她容素英冰清玉洁是非分明,她就是胡搅蛮缠不通事理,行了吧。
每回不管是谁先挑的事儿,最后挨罚的都是她,都习惯了。
她越跑越远,冲出容家府邸,扎进东都最热闹的坊市,穿过熙熙攘攘的人群,一路走,一路无声抹眼泪。
身后有人轻轻触碰她的肩膀,不知是路人无意间擦肩而过,还是登徒子乘机揩油。
一次,两次,三次……
容玉致吸了吸鼻子,骤然回身,一巴掌甩在那“登徒子”脸上。
“没完没了了是吗?是不是要本座剁了你的狗爪……”
叱骂声戛然而止,她呆呆地看着眼前清贵秀雅的少年,连眼泪都忘了掉。
少年白净的右脸浮起五根红指印,无奈一叹:“玉致妹妹,是我。
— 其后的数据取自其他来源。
theorem corollary3p3:
  fixes G :: "int ^'n ^'n" and b :: nat and D :: "(complex ^'n) set"
    and k :: int and F :: "complex ^'n \<Rightarrow> complex"
  assumes "signature_2_b G b" and "b \<ge> 3"
    and "D \<in> components (period_cone G)"
    and "modular_form G D (disc_kernel G D) (\<lambda>g. of_int (det g)) k F"
  shows "vanishes_on_heegner_m2 G D F"
  unfolding vanishes_on_heegner_m2_def
proof (intro allI impI ballI)
  fix \<delta> :: "int^'n" and w
  assume \<delta>: "bilin G \<delta> \<delta> = -2" and w: "w \<in> D" "bilin (cmat G) (cvec \<delta>) w = 0"
  have "transpose G = G"
    using assms(1) by (simp add: signature_2_b_def)
  then have "reflection G \<delta> \<in> disc_kernel G D"
    using \<delta> assms(3) w by (rule reflection_in_disc_kernel)
  then have "F (cmat (reflection G \<delta>) *v w) = of_int (det (reflection G \<delta>)) * F w"
    using assms(4) w(1) by (simp add: modular_form_def)
  moreover have "cmat (reflection G \<delta>) *v w = w"
    using w(2) by (simp add: cmat_reflection reflection_mult_vector)
  ultimately have "F w = - F w"
    using \<delta> by (simp add: det_reflection)
  then show "F w = 0" by simp
qed

end
theorem theorem3p1:
  fixes m :: nat
    and nu nu' :: "nat \<Rightarrow> 'i::finite \<Rightarrow> nat"
    and kappa :: "nat \<Rightarrow> real"
    and V :: "nat \<Rightarrow> real"
    and X :: "nat \<Rightarrow> 'i \<Rightarrow> nat"
    and xt c :: "'i \<Rightarrow> real"
    and Gamma :: "nat \<Rightarrow> ('i \<Rightarrow> nat) set"
  assumes reactions: "\<And>k. k < m \<Longrightarrow> nu k \<noteq> nu' k"
    and kappa_pos: "\<And>k. k < m \<Longrightarrow> kappa k > 0"
    and cb_system: "\<exists>c0. (\<forall>i. c0 i > 0) \<and> complex_balanced m nu nu' kappa c0"
    and V_pos: "\<And>n. V n > 0"
    and V_mono: "strict_mono V"
    and V_lim: "filterlim V at_top sequentially"
    and X_lim: "\<And>i. (\<lambda>n. real (X n i) / V n) \<longlonglongrightarrow> xt i"
    and xt_pos: "\<And>i. xt i > 0"
    and c_pos: "\<And>i. c i > 0"
    and c_class: "(\<lambda>i. c i - xt i) \<in> stoich_subspace m nu nu'"
    and c_cb: "complex_balanced m nu nu' kappa c"
    and Gamma_comp: "\<And>n. closed_irreducible_component m nu nu' (scaled_rates nu kappa (V n)) (Gamma n)"
    and X_in_Gamma: "\<And>n. X n \<in> Gamma n"
  shows
    "((\<lambda>n. - (1 / V n) * ln (prod_poisson c (V n) (X n))) \<longlonglongrightarrow> lyap c xt)
     \<and> ((\<lambda>n. (1 / V n) * ln (infsum (prod_poisson c (V n)) (Gamma n))) \<longlonglongrightarrow> 0)
     \<and> ((\<lambda>n. - (1 / V n) * ln (prod_poisson c (V n) (X n) / infsum (prod_poisson c (V n)) (Gamma n)))
          \<longlonglongrightarrow> lyap c xt)
     \<and> lyap c c = 0
     \<and> (\<forall>x. (\<forall>i. x i > 0) \<and> (\<lambda>i. x i - c i) \<in> stoich_subspace m nu nu' \<and> x \<noteq> c
            \<longrightarrow> lyap c x > 0)
     \<and> (\<forall>x. (\<forall>i. x i > 0) \<and> (\<lambda>i. x i - c i) \<in> stoich_subspace m nu nu'
            \<longrightarrow> (\<Sum>i\<in>UNIV. grad (lyap c) x i * mass_action_field m nu nu' kappa x i) \<le> 0
              \<and> ((\<Sum>i\<in>UNIV. grad (lyap c) x i * mass_action_field m nu nu' kappa x i) = 0
                   \<longleftrightarrow> x = c))"
proof -
  obtain Y where "eventually (\<lambda>n. Y n \<in> Gamma n) sequentially" and "\<And>i. (\<lambda>n. real (Y n i) / V n) \<longlonglongrightarrow> c i"
    using exists_component_states_tendsto[OF kappa_pos V_pos V_lim X_lim xt_pos c_pos c_class Gamma_comp X_in_Gamma]
    by blast
  then have mass_lim: "(\<lambda>n. 1 / V n * ln (infsum (prod_poisson c (V n)) (Gamma n))) \<longlonglongrightarrow> 0"
    by (rule infsum_prod_poisson_log_limit[OF V_pos V_lim c_pos])
  have weight_lim: "(\<lambda>n. - (1 / V n) * ln (prod_poisson c (V n) (X n))) \<longlonglongrightarrow> lyap c xt"
    by (rule prod_poisson_log_limit[OF V_pos V_lim X_lim xt_pos c_pos])
  then have "(\<lambda>n. - (1 / V n) * ln (prod_poisson c (V n) (X n) / infsum (prod_poisson c (V n)) (Gamma n)))
      \<longlonglongrightarrow> lyap c xt"
    using tendsto_add[OF weight_lim mass_lim]
    by (simp add: ln_prod_poisson_div_infsum[OF X_in_Gamma V_pos c_pos] diff_divide_distrib)
  moreover have "lyap c x > 0" if "\<forall>i. x i > 0" and "x \<noteq> c" for x
    using lyap_pos[of x c] that c_pos by blast
  moreover have "(\<Sum>i\<in>UNIV. grad (lyap c) x i * mass_action_field m nu nu' kappa x i) \<le> 0
      \<and> ((\<Sum>i\<in>UNIV. grad (lyap c) x i * mass_action_field m nu nu' kappa x i) = 0 \<longleftrightarrow> x = c)"
    if "\<forall>i. x i > 0" and "(\<lambda>i. x i - c i) \<in> stoich_subspace m nu nu'" for x
    using lyap_dissipation_nonpos(1)[of x c, OF _ c_pos kappa_pos c_cb]
      lyap_dissipation_eq_0_iff[of x c, OF _ c_pos kappa_pos c_cb] that by blast
  ultimately show ?thesis
    using weight_lim mass_lim by simp
qed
”
容玉致哭成了花脸猫,此刻根本不想碰到任何熟人,甩下一句“我不认得你”,转身就走。
少年也不拦着她,好脾性地跟在她身后,陪她逛遍了坊市,直到她走不动道,气呼呼地在一座寺庙门前坐下,少年才走上前来,和她并肩而坐。
一只白瓷药瓶递到少年眼皮子底下。
“喏。”
“这是?”
“我做过蛊人,掌力含毒。再不拿药搽搽伤处,明儿你这张俊脸便要肿成猪头。”
少年接过药瓶,抠出药膏在脸上抹开,闲话家常般道:“你归家已有半载,大宗师仍未将你体内的蛊毒拔除么?”